Stored data entries
● ● ● ●
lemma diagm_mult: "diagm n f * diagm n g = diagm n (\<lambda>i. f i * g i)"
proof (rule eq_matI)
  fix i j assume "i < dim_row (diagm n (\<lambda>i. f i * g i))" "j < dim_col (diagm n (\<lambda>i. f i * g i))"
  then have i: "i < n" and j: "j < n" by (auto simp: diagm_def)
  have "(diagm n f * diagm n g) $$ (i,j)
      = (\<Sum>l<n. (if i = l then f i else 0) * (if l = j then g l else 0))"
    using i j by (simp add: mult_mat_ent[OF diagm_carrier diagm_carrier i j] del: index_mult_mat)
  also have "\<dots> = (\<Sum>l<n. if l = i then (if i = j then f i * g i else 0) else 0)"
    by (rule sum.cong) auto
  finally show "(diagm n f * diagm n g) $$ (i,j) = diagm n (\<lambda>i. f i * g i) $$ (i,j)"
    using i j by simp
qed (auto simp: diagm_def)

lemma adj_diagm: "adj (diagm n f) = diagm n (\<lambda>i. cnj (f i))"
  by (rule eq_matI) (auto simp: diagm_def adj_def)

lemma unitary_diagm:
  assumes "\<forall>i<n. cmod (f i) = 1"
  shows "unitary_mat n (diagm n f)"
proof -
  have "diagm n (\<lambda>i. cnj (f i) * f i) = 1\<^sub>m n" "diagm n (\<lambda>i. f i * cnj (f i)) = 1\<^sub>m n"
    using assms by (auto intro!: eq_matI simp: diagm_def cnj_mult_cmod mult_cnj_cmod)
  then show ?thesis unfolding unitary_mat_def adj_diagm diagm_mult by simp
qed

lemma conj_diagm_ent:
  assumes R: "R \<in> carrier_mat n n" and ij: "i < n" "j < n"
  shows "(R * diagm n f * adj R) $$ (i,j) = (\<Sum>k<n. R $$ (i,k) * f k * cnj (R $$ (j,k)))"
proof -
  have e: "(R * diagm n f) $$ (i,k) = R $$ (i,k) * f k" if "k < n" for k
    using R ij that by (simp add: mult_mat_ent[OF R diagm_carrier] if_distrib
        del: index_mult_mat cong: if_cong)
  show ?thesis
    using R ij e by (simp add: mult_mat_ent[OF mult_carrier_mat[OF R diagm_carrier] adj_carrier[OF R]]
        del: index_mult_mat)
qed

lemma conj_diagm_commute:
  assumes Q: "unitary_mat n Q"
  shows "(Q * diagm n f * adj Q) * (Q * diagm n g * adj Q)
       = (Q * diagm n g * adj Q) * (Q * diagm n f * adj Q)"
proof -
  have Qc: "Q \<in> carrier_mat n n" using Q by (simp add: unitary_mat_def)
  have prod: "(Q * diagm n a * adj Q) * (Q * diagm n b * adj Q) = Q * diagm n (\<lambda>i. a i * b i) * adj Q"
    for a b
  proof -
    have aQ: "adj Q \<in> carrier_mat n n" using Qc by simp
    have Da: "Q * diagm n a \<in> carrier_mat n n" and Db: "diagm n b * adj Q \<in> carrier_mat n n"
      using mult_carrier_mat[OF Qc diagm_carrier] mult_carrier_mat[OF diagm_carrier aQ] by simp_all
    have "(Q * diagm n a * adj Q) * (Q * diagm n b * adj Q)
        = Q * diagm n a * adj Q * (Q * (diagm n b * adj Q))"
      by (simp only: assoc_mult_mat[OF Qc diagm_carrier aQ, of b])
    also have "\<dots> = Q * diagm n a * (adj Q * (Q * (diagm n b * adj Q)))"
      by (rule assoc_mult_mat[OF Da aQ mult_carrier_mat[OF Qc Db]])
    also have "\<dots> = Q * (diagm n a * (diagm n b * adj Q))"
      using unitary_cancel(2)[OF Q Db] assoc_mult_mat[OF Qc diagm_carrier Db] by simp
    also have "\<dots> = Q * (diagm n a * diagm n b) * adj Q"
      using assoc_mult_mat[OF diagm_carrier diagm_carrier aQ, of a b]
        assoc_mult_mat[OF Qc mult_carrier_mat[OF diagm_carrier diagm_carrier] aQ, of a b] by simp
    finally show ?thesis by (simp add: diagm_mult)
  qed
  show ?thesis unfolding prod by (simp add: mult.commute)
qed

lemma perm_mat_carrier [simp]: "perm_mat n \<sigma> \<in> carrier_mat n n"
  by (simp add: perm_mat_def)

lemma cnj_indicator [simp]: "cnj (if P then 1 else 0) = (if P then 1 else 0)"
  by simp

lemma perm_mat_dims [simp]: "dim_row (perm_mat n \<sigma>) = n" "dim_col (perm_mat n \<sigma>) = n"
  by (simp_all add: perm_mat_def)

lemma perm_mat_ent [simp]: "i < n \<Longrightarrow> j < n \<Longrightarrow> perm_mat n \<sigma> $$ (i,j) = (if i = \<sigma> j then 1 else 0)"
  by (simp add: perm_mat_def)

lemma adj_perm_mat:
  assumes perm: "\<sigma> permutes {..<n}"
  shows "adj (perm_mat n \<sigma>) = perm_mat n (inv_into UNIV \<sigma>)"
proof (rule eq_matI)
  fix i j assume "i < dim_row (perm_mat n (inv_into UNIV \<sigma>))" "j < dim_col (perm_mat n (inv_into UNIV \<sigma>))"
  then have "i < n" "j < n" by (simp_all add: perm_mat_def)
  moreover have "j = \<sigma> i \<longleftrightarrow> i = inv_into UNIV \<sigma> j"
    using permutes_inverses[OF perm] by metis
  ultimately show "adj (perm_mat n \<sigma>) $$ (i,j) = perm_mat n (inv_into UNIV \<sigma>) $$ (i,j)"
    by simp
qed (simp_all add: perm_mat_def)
● ● ● ●
Both end lines included, restate word for word the lines above from the line with "qed (auto simp: diagm_def)" to the line with "i) = 1\<^sub>m", and nothing else.

qed (auto simp: diagm_def)

lemma adj_diagm: "adj (diagm n f) = diagm n (\<lambda>i. cnj (f i))"
  by (rule eq_matI) (auto simp: diagm_def adj_def)

lemma unitary_diagm:
  assumes "\<forall>i<n. cmod (f i) = 1"
  shows "unitary_mat n (diagm n f)"
proof -
  have "diagm n (\<lambda>i. cnj (f i) * f i) = 1\<^sub>m n" "diagm n (\<lambda>i. f i * cnj (f i)) = 1\<^sub>m n"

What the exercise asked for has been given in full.